В Петербурге было много протестных акций против слияния разнопрофильных учебных заведений и упразднения некоторых факультетов СПбГУ
О том, как выстраивается образовательная вертикаль в Петербурге, мы говорим с бывшим доцентом Петербургского университета, членом профсоюза "Университетская солидарность" Сергеем Хрущевым, научным сотрудником Центра институционального анализа науки и образования при Европейском университете в Петербурге Катериной Губой, преподавателем Издательско-полиграфического техникума, ставшего частью Академии управления городской средой, градостроительства и печати, Юлией Марковой и бывшей сотрудницей Промышленно-экономического колледжа, объединенного с Петровским колледжем, Аэлитой Карунской
– Сергей, первый вопрос к вам: вы всю жизнь проработали в Петербургском университете – многие сегодня говорят, что там выстраивается жесткая властная вертикаль, исчезают академические свободы, а преподаватели изнемогают под горами бумаг, которые они теперь вынуждены заполнять. Это правда или картина бедствия преувеличена?
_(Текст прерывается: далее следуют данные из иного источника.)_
(* For every $n\ge1$ and $t\in(0,1)$, with notation as in the context, \begin{align*} \beta_nR_nR_{n-1}&=r_n^2+\beta r_n,\\ \beta_nx_nx_{n-1}&=y_n^2-\alpha y_n,\\ \beta_n(R_nx_{n-1}+x_nR_{n-1})&=2r_ny_n+(2n+\beta+\gamma)r_n-(2n+\alpha+\gamma)y_n-n(n+\gamma). \end{align*}
   Context: Fix $\alpha,\beta,\gamma>0$ and real constants $A,B$ with $A\ge0$, $A+B\ge0$, not both $A$ and $A+B$ equal to $0$. Let $\theta$ be the Heaviside function ($\theta(x)=1$ for $x>0$, $0$ otherwise). For $t\in(0,1)$ put $w(x)=x^{\alpha}(1-x)^{\beta}|x-t|^{\gamma}(A+B\theta(x-t))$ on $[0,1]$. Let $P_n$ be the monic orthogonal polynomials w.r.t. $w$ on $[0,1]$, $\int_0^1P_mP_nw\,dx=h_n\delta_{mn}$, with recurrence $xP_n=P_{n+1}+\alpha_nP_n+\beta_nP_{n-1}$, $P_0=1$, $\beta_0P_{-1}=0$. Define $x_n=\frac{\alpha}{h_n}\int_0^1\frac{P_n^2w}{y}dy$, $R_n=\frac{\beta}{h_n}\int_0^1\frac{P_n^2w}{1-y}dy$, $y_n=\frac{\alpha}{h_{n-1}}\int_0^1\frac{P_nP_{n-1}w}{y}dy$, $r_n=\frac{\beta}{h_{n-1}}\int_0^1\frac{P_nP_{n-1}w}{1-y}dy$ ($n\ge1$). *)

theory Defs
  imports "HOL-Analysis.Analysis" "HOL-Computational_Algebra.Polynomial"
begin

definition heaviside :: "real \<Rightarrow> real" where
  "heaviside x = (if x > 0 then 1 else 0)"

definition weight :: "real \<Rightarrow> real \<Rightarrow> real \<Rightarrow> real \<Rightarrow> real \<Rightarrow> real \<Rightarrow> real \<Rightarrow> real" where
  "weight al be ga A B t x =
     x powr al * (1 - x) powr be * \<bar>x - t\<bar> powr ga * (A + B * heaviside (x - t))"

definition int01 :: "(real \<Rightarrow> real) \<Rightarrow> real" where
  "int01 f = (LINT y:{0..1}|lborel. f y)"

definition monic_orthogonal :: "(real \<Rightarrow> real) \<Rightarrow> (nat \<Rightarrow> real poly) \<Rightarrow> bool" where
  "monic_orthogonal w P \<longleftrightarrow>
     (\<forall>n. degree (P n) = n \<and> lead_coeff (P n) = 1) \<and>
     (\<forall>m n. m \<noteq> n \<longrightarrow> int01 (\<lambda>y. poly (P m) y * poly (P n) y * w y) = 0)"

definition hnorm :: "(real \<Rightarrow> real) \<Rightarrow> (nat \<Rightarrow> real poly) \<Rightarrow> nat \<Rightarrow> real" where
  "hnorm w P n = int01 (\<lambda>y. (poly (P n) y)^2 * w y)"

definition xseq :: "real \<Rightarrow> (real \<Rightarrow> real) \<Rightarrow> (nat \<Rightarrow> real poly) \<Rightarrow> nat \<Rightarrow> real" where
  "xseq al w P n = al / hnorm w P n * int01 (\<lambda>y. (poly (P n) y)^2 * w y / y)"

definition Rseq :: "real \<Rightarrow> (real \<Rightarrow> real) \<Rightarrow> (nat \<Rightarrow> real poly) \<Rightarrow> nat \<Rightarrow> real" where
  "Rseq be w P n = be / hnorm w P n * int01 (\<lambda>y. (poly (P n) y)^2 * w y / (1 - y))"

text \<open>For n \<ge> 1.\<close>
definition yseq :: "real \<Rightarrow> (real \<Rightarrow> real) \<Rightarrow> (nat \<Rightarrow> real poly) \<Rightarrow> nat \<Rightarrow> real" where
  "yseq al w P n = al / hnorm w P (n - 1) *
     int01 (\<lambda>y. poly (P n) y * poly (P (n - 1)) y * w y / y)"

definition rseq :: "real \<Rightarrow> (real \<Rightarrow> real) \<Rightarrow> (nat \<Rightarrow> real poly) \<Rightarrow> nat \<Rightarrow> real" where
  "rseq be w P n = be / hnorm w P (n - 1) *
     int01 (\<lambda>y. poly (P n) y * poly (P (n - 1)) y * w y / (1 - y))"

end

theory Submission
  imports Defs
begin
– Если взять наш Петербургский университет, то безусловно, процесс его редукции, его горизонтальной и вертикальной интеграции шел по-разному. Эти новые слова связаны с реформой образования: горизонтальная интеграция – это мы сливаем учебные заведения, вертикальная – добавляем в вузы – ссузы, то есть техникумы и колледжи. У нас в СПбГУ, например, есть физкультурники и газосварщики – согласитесь, ни философам от этого не хорошо, ни самим газосварщикам. Они туда попали в рамках вертикальной интеграции – видимо, у них были хорошие здания, и ректор Николай Кропачев решил, что без физкультурников и газосварщиков университету будет невмоготу.
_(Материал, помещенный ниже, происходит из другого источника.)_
lemma star_steiner_tree:
  assumes "S \<subseteq> V" "w \<in> V" "w \<notin> S" "finite S" "2 \<le> card S"
  shows "steiner_tree V (complete_graph_edges V) S (insert w S, star w S)"
proof -
  obtain a where a: "a \<in> S"
    using assms(5) by fastforce
  have "is_subtree V (complete_graph_edges V) ({w, a} \<union> (S - {a}) \<union> {}) (double_star w a (S - {a}) {})"
    by (rule double_star_is_subtree) (use assms a in auto)
  moreover have "{w, a} \<union> (S - {a}) \<union> {} = insert w S"
    using a by auto
  ultimately have "is_subtree V (complete_graph_edges V) (insert w S) (star w S)"
    by (simp add: star_eq_double_star[OF a])
  moreover have "w \<notin> leaves (insert w S) (star w S)"
    using assms(5) by (simp add: leaves_def degree_star)
  ultimately show ?thesis
    unfolding steiner_tree_def leaves_def by auto
qed

text \<open>Index \<open>i < m\<close> stands for a vertex \<open>u\<^sub>i\<close>, index \<open>m + i\<close> for \<open>v\<^sub>i\<close>, and index \<open>2 * m\<close>,
  present when \<open>s\<close> is odd, for one further vertex. The \<open>i\<close>-th double star joins \<open>u\<^sub>i\<close> to
  \<open>v\<^sub>i\<close>, to \<open>u\<^sub>j\<close> for \<open>j > i\<close>, to \<open>v\<^sub>j\<close> for \<open>j < i\<close> and to the further vertex, and \<open>v\<^sub>i\<close> to
  \<open>v\<^sub>j\<close> for \<open>j > i\<close> and to \<open>u\<^sub>j\<close> for \<open>j < i\<close>.\<close>

definition u_leaves :: "nat \<Rightarrow> nat \<Rightarrow> nat \<Rightarrow> nat set" where
  "u_leaves m s i = {i<..<m} \<union> {m..<m + i} \<union> {2 * m..<s}"

definition v_leaves :: "nat \<Rightarrow> nat \<Rightarrow> nat set" where
  "v_leaves m i = {m + i<..<2 * m} \<union> {..<i}"

definition paired_double_star :: "nat \<Rightarrow> nat \<Rightarrow> nat \<Rightarrow> nat set set" where
  "paired_double_star m s i = double_star i (m + i) (u_leaves m s i) (v_leaves m i)"

lemma paired_double_star_leaves:
  "i < m \<Longrightarrow> i \<notin> u_leaves m s i \<and> m + i \<notin> v_leaves m i \<and> u_leaves m s i \<inter> v_leaves m i = {}"
  unfolding u_leaves_def v_leaves_def by auto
Ректор Николай Кропачев решил, что без физкультурников и газосварщиков университету будет невмоготу
Сейчас идет сокращение преподавателей, для чего была выбрана такая юридическая форма – увеличение штата управленцев, зарегулированность всего и вся. Если лет 15 назад в отделе кадров работало 4 человека, то сейчас – около 70. Получается, что если раньше университет существовал для профессорско-преподавательского состава и студентов, то теперь – для менеджеров и управленцев.
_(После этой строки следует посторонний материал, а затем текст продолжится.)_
(* Under the setup below, for every $1\le i\le n-1$ and $1\le j\le D_i$, put $r_i=(d_i/d_{i+1})^{1/D_i}$ and $\widetilde w_{i,j}=r_ia_i\exp\!\big(\pi\mathrm{i}\tfrac{2j-1}{D_i}\big)$. Then there is a critical point $w_{i,j}\in\mathbb{C}\setminus\{0\}$ of $f$, i.e. a solution of $$\sum_{k=1}^{n-1}\frac{(-1)^{n-k}D_kz^{D_k}}{z^{D_k}-a_k^{D_k}}+(-1)^nd_1=0,$$ with $|w_{i,j}-\widetilde w_{i,j}|<u^{2/K}|a_i|$. Moreover $w_{i_1,j_1}=w_{i_2,j_2}$ if and only if $(i_1,j_1)=(i_2,j_2)$.
   Context: Setup. Fix $p\in\{0,1\}$, $n\ge2$ and positive integers $d_1,\dots,d_n$ with $\xi:=\sum_{i=1}^n 1/d_i<1$; let $K=\max_i d_i$ and $D_i=d_i+d_{i+1}$ ($1\le i\le n-1$). If $p=1$: $0<s\le\min\{K^{-5\xi/(1-\xi)},K^{5-2K}\}$, $u=sK^{-5}$, $v=sK^{-2}$. If $p=0$: $0<s\le\min\{2^{-(1-\xi)^{-1}(1+1/d_n-2\xi/3)^{-1}},(4K)^{-3/(1-\xi)},K^{-2K(1+1/d_n+2(1-\xi)/3)^{-1}}\}$, $u=s^{1+1/d_n+2(1-\xi)/3}$, $v=s^{1/d_n+(1-\xi)/3}$. Let $a_1,\dots,a_{n-1}\in\mathbb{C}$ with $|a_{n-1}|=v^{1/d_n}$ and $|a_i|=u^{1/d_{i+1}}|a_{i+1}|$ for $1\le i\le n-2$. Let $f=f_{p,d_1,\dots,d_n}$, where $$f_{p,d_1,\dots,d_n}(z)=z^{(-1)^{n-p}d_1}\prod_{i=1}^{n-1}\big(z^{D_i}-a_i^{D_i}\big)^{(-1)^{n-i-p}}.$$ *)

theory Defs
  imports "HOL-Analysis.Analysis"
begin

definition DD :: "(nat \<Rightarrow> nat) \<Rightarrow> nat \<Rightarrow> nat" where
  "DD d i = d i + d (Suc i)"

definition crit_eq :: "nat \<Rightarrow> (nat \<Rightarrow> nat) \<Rightarrow> (nat \<Rightarrow> complex) \<Rightarrow> complex \<Rightarrow> bool" where
  "crit_eq n d a z \<longleftrightarrow>
     (\<forall>k\<in>{1..n-1}. z ^ DD d k \<noteq> a k ^ DD d k) \<and>
     (\<Sum>k=1..n-1. (-1) ^ (n - k) * of_nat (DD d k) * z ^ DD d k / (z ^ DD d k - a k ^ DD d k))
       + (-1) ^ n * of_nat (d 1) = 0"

end

theory Submission
  imports Defs
begin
– Но если цель в экономии средств, то где же логика – увольнять преподавателей и взамен нанимать бюрократов?
Была выбрана стратегия стройбата: бери больше, неси дальше
– Была выбрана стратегия стройбата: бери больше, неси дальше. Преподавателей увольняют, чтобы можно было кормить больше управленцев. Доцент, допустим, умирает, но конкурс на его ставку не объявляется, увольняют Сергея Андреевича Хрущева, но конкурс на его место не объявляют, и все это в массовом порядке. Преподавателей увольняют, остальным говорят: вы редко ходите на работу, вам надо больше публиковаться в иностранных журналах. Чтобы всех держать в кулаке, необходимо больше руководящих товарищей. Университет всегда был оплотом академических свобод; я помню, как мы в 90-м году отказались ехать в построенное для нас здание в Петергофе – и не поехали. Теперь такое невозможно представить.
– Юлия, в вашем полиграфическом техникуме происходило что-то подобное? Ведь у вас была громкая история, ваши студенты долго митинговали против слияния полиграфистов со строителями, но ничего не вышло.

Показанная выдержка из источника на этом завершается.